A leading doctor has fuelled allegations of drug-taking in French rugby with claims that international players took amphetamines before Five Nations matches during the 1970s and '80s.
Earlier this week, former national coach Pierre Berbizier spoke out against alleged widespread drug abuse in the domestic French game, and this led to the sport's governing body demanding an investigation.
Berbizier claimed that drug-taking was rife and the rugby authorities were doing nothing to combat it and in fact were the cause of it because they imposed such a hectic schedule on the players.
The allegations were refuted by Serge Blanco, Berbizier's former team-mate and now president of the French National League.
However Dr Jean-Pierre de Mondenard, author of several books on drug-taking in sport, added weight to the allegations.
"In the '70s, a French international admitted to me that the team doctor gave them Captagon for the Five Nations matches and told them that they were vitamins," said de Mondenard in yesterday's Daily Mail.
"Captagon is a well-known amphetamine.
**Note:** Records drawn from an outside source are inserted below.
lemma symbol_le_weight: "symbol m shift n \<le> (pi^(2*m) + shift\<^sup>2) * weight m n"
proof -
  have "(real_of_int n * pi)^(2*m) = \<bar>real_of_int n\<bar>^(2*m) * pi^(2*m)"
    by (subst power_even_abs[symmetric]) (auto simp: abs_mult power_mult_distrib)
  also have "\<dots> \<le> weight m n * pi^(2*m)"
    unfolding weight_def bracket_def by (intro mult_right_mono power_mono) auto
  finally have "(real_of_int n * pi)^(2*m) \<le> weight m n * pi^(2*m)" .
  moreover have "shift\<^sup>2 \<le> shift\<^sup>2 * weight m n"
    using weight_ge_1[of m n] by (simp add: mult_le_cancel_left1)
  ultimately show ?thesis unfolding symbol_def distrib_right by (simp add: mult.commute)
qed

lemma rescale_sq_summable:
  assumes "u \<in> Hs p (real m)"
  shows "sq_summable (rescale u)"
  unfolding sq_summable_def
proof (rule summable_on_comparison_test)
  show "(\<lambda>n. (pi^(2*m) + shift\<^sup>2) * (weight m n * (cmod (u n))\<^sup>2)) summable_on UNIV"
    using assms unfolding Hs_nat_iff by (intro summable_on_cmult_right) auto
  fix n
  have "(cmod (rescale u n))\<^sup>2 = symbol m shift n * (cmod (u n))\<^sup>2"
    unfolding rescale_def using symbol_pos[of n] by (simp add: norm_mult norm_root power_mult_distrib)
  also have "\<dots> \<le> (pi^(2*m) + shift\<^sup>2) * weight m n * (cmod (u n))\<^sup>2"
    using symbol_le_weight by (intro mult_right_mono) auto
  finally show "(cmod (rescale u n))\<^sup>2 \<le> (pi^(2*m) + shift\<^sup>2) * (weight m n * (cmod (u n))\<^sup>2)"
    by simp
qed auto

lemma mulV_eq_root_kernel:
  assumes "u \<in> Hs p (real m)"
  shows "mulV V u n = root n * mat_app (kernel m shift V) (rescale u) n"
proof -
  have "V (n - j) * u j = root n * (kernel m shift V n j * rescale u j)" for j
    unfolding kernel_def rescale_def using root_nonzero[of n] root_nonzero[of j]
    by (simp add: root_def field_simps)
  then have "mulV V u n = (\<Sum>\<^sub>\<infinity>j. root n * (kernel m shift V n j * rescale u j))"
    unfolding mulV_def by simp
  also have "\<dots> = root n * mat_app (kernel m shift V) (rescale u) n"
    unfolding mat_app_def
    by (rule infsum_cmult_right) (use mat_app_bound[OF kernel_hs_quarter rescale_sq_summable[OF assms]] in blast)
  finally show ?thesis .
qed

lemma Sop_shift_factor:
  assumes "u \<in> Hs p (real m)"
  shows "Sop m V u n + complex_of_real (shift\<^sup>2) * u n
     = root n * (rescale u n + mat_app (kernel m shift V) (rescale u) n)"
proof -
  have "Dpow m u n + complex_of_real (shift\<^sup>2) * u n = root n * rescale u n"
    unfolding Dpow_def rescale_def mult.assoc[symmetric] root_mult_root symbol_def
    by (simp add: algebra_simps)
  then show ?thesis unfolding Sop_def using mulV_eq_root_kernel[OF assms, of n]
    by (simp add: algebra_simps)
qed

lemma Sop_lin:
  assumes "u \<in> Hs p (real m)" "w \<in> Hs p (real m)"
  shows "Sop m V (\<lambda>n. u n + c * w n) n = Sop m V u n + c * Sop m V w n"
proof -
  have "rescale (\<lambda>n. u n + c * w n) = (\<lambda>n. rescale u n + c * rescale w n)"
    unfolding rescale_def by (auto simp: algebra_simps)
  then have "mulV V (\<lambda>n. u n + c * w n) n
      = root n * mat_app (kernel m shift V) (\<lambda>n. rescale u n + c * rescale w n) n"
    using mulV_eq_root_kernel[OF Hs_nat_lin[OF assms]] by simp
  also have "\<dots> = mulV V u n + c * mulV V w n"
    using mat_app_lin[OF kernel_hs_quarter rescale_sq_summable[OF assms(1)] rescale_sq_summable[OF assms(2)]]
      mulV_eq_root_kernel[OF assms(1)] mulV_eq_root_kernel[OF assms(2)]
    by (simp add: algebra_simps)
  finally show ?thesis unfolding Sop_def Dpow_def by (simp add: algebra_simps)
qed

text \<open>Injectivity of \<open>S(V) + s\<^sup>2\<close>: a kernel element would be a fixed point of the contraction \<open>-K\<close>.\<close>
lemma Sop_shift_eq_0_imp:
  assumes "u \<in> Hs p (real m)" "\<And>n. Sop m V u n + complex_of_real (shift\<^sup>2) * u n = 0"
  shows "u = (\<lambda>_. 0)"
proof -
  let ?v = "rescale u"
  have v: "sq_summable ?v" by (rule rescale_sq_summable[OF assms(1)])
  have "mat_app (kernel m shift V) ?v = (\<lambda>n. - ?v n)"
  proof
    fix n
    have "?v n + mat_app (kernel m shift V) ?v n = 0"
      using Sop_shift_factor[OF assms(1), of n] assms(2) root_nonzero[of n] by simp
    then show "mat_app (kernel m shift V) ?v n = - ?v n" by (simp add: add_eq_0_iff)
  qed
  moreover have "sqnorm (\<lambda>n. - ?v n) = sqnorm ?v" by (simp add: sqnorm_def)
  ultimately have "sqnorm ?v \<le> 1/4 * sqnorm ?v"
    using mat_app_sq_summable[OF kernel_hs_quarter v] by simp
  then have "sqnorm ?v = 0" using sqnorm_nonneg[of ?v] by linarith
  then have "?v n = 0" for n using norm_le_sqrt_sqnorm[OF v, of n] by simp
  then show ?thesis using root_nonzero unfolding rescale_def by auto
qed

lemma Sop_shift_unique:
  assumes "u \<in> Hs p (real m)" "w \<in> Hs p (real m)"
    and "\<And>n. Sop m V u n + complex_of_real (shift\<^sup>2) * u n = Sop m V w n + complex_of_real (shift\<^sup>2) * w n"
  shows "u = w"
proof -
  let ?d = "\<lambda>n. u n + (-1) * w n"
  have "Sop m V ?d n + complex_of_real (shift\<^sup>2) * ?d n = 0" for n
  proof -
    have "Sop m V ?d n = Sop m V u n + (-1) * Sop m V w n" by (rule Sop_lin[OF assms(1,2)])
    then have "Sop m V ?d n + complex_of_real (shift\<^sup>2) * ?d n
       = (Sop m V u n + complex_of_real (shift\<^sup>2) * u n) - (Sop m V w n + complex_of_real (shift\<^sup>2) * w n)"
      by (simp add: algebra_simps)
    then show ?thesis using assms(3)[of n] by simp
  qed
  then have "?d = (\<lambda>_. 0)" by (rule Sop_shift_eq_0_imp[OF Hs_nat_lin[OF assms(1,2)]])
  then have "u n - w n = 0" for n using fun_cong[of _ _ n] by fastforce
  then show "u = w" by auto
qed

lemma neumann_rescaled:
  assumes f: "f \<in> Hs p 0"
  defines "v \<equiv> neumann (kernel m shift V) (\<lambda>j. f j / root j)"
  shows "sq_summable v" and "sqnorm v \<le> 4 * sqnorm f"
    and "\<And>n. n \<notin> freqs p \<Longrightarrow> v n = 0"
    and "\<And>n. v n + mat_app (kernel m shift V) v n = f n / root n"
proof -
  let ?g = "\<lambda>j. f j / root j"
  have fl: "sq_summable f" and fs: "\<And>n. n \<notin> freqs p \<Longrightarrow> f n = 0"
    using f unfolding Hs_0_iff by auto
  have "sq_summable ?g \<and> sqnorm ?g \<le> sqnorm f"
  proof (rule sq_summable_if_finite_sums_bounded)
    fix F :: "int set" assume F: "finite F"
    have "(\<Sum>n\<in>F. (cmod (?g n))\<^sup>2) \<le> (\<Sum>n\<in>F. (cmod (f n))\<^sup>2)"
      by (intro sum_mono power_mono norm_div_root_le) simp
    also have "\<dots> \<le> sqnorm f" by (rule sum_sq_le_sqnorm[OF fl F])
    finally show "(\<Sum>n\<in>F. (cmod (?g n))\<^sup>2) \<le> sqnorm f" .
  qed
  then have g: "sq_summable ?g" and g_le: "sqnorm ?g \<le> sqnorm f" by auto
  interpret hs_contraction "kernel m shift V" ?g
    using kernel_hs_quarter g by unfold_locales
  show "sq_summable v" "sqnorm v \<le> 4 * sqnorm f"
    using neumann_sq_summable g_le unfolding v_def by auto
  show "\<And>n. n \<notin> freqs p \<Longrightarrow> v n = 0"
    unfolding v_def by (rule neumann_eq_0_outside) (use kernel_eq_0_outside fs in auto)
  show "\<And>n. v n + mat_app (kernel m shift V) v n = f n / root n"
    unfolding v_def by (rule neumann_solves)
qed

lemma weighted_sum_base_resolvent_le:
  assumes f: "f \<in> Hs p 0" and F: "finite F"
  shows "(\<Sum>n\<in>F. weight m n * (cmod (base_resolvent f n))\<^sup>2) \<le> 4^m * (4 * sqnorm f)"
proof -
  let ?v = "neumann (kernel m shift V) (\<lambda>j. f j / root j)"
  have "(\<Sum>n\<in>F. weight m n * (cmod (base_resolvent f n))\<^sup>2) \<le> (\<Sum>n\<in>F. 4^m * (cmod (?v n))\<^sup>2)"
  proof (rule sum_mono)
    fix n
    have "weight m n * (cmod (base_resolvent f n))\<^sup>2 = weight m n / symbol m shift n * (cmod (?v n))\<^sup>2"
      unfolding base_resolvent_def using symbol_pos[of n] by (simp add: norm_divide norm_root power_divide)
    also have "\<dots> \<le> 4^m * (cmod (?v n))\<^sup>2"
      using weight_le_symbol[OF shift_ge_1, of m n] symbol_pos[of n]
      by (intro mult_right_mono) (auto simp: divide_le_eq mult.commute)
    finally show "weight m n * (cmod (base_resolvent f n))\<^sup>2 \<le> 4^m * (cmod (?v n))\<^sup>2" .
  qed
  also have "\<dots> \<le> 4^m * (4 * sqnorm f)"
    unfolding sum_distrib_left[symmetric]
    using sum_sq_le_sqnorm[OF neumann_rescaled(1)[OF f] F] neumann_rescaled(2)[OF f]
    by (intro mult_left_mono) auto
  finally show ?thesis .
qed

lemma base_resolvent_in_Hs: "f \<in> Hs p 0 \<Longrightarrow> base_resolvent f \<in> Hs p (real m)"
  by (rule Hs_nat_if_bounded[OF _ weighted_sum_base_resolvent_le])
    (auto simp: base_resolvent_def neumann_rescaled(3))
Taking it was common practice. For each French match the doctor provided the team with some of it. It was happening in rugby league as well, though nobody took an interest.
"Another international in the 1970s, who today often passes comment in the media, confirmed to me that the use of amphetamines was common occurrence, even general practice, during the '70s and '80s."
But France captain Fabien Pelous played down the controversy, stating: "It would be Utopian to think that rugby is the only sport to be spared this (drugs) curse. I have never seen illicit acts, but there must have been cases."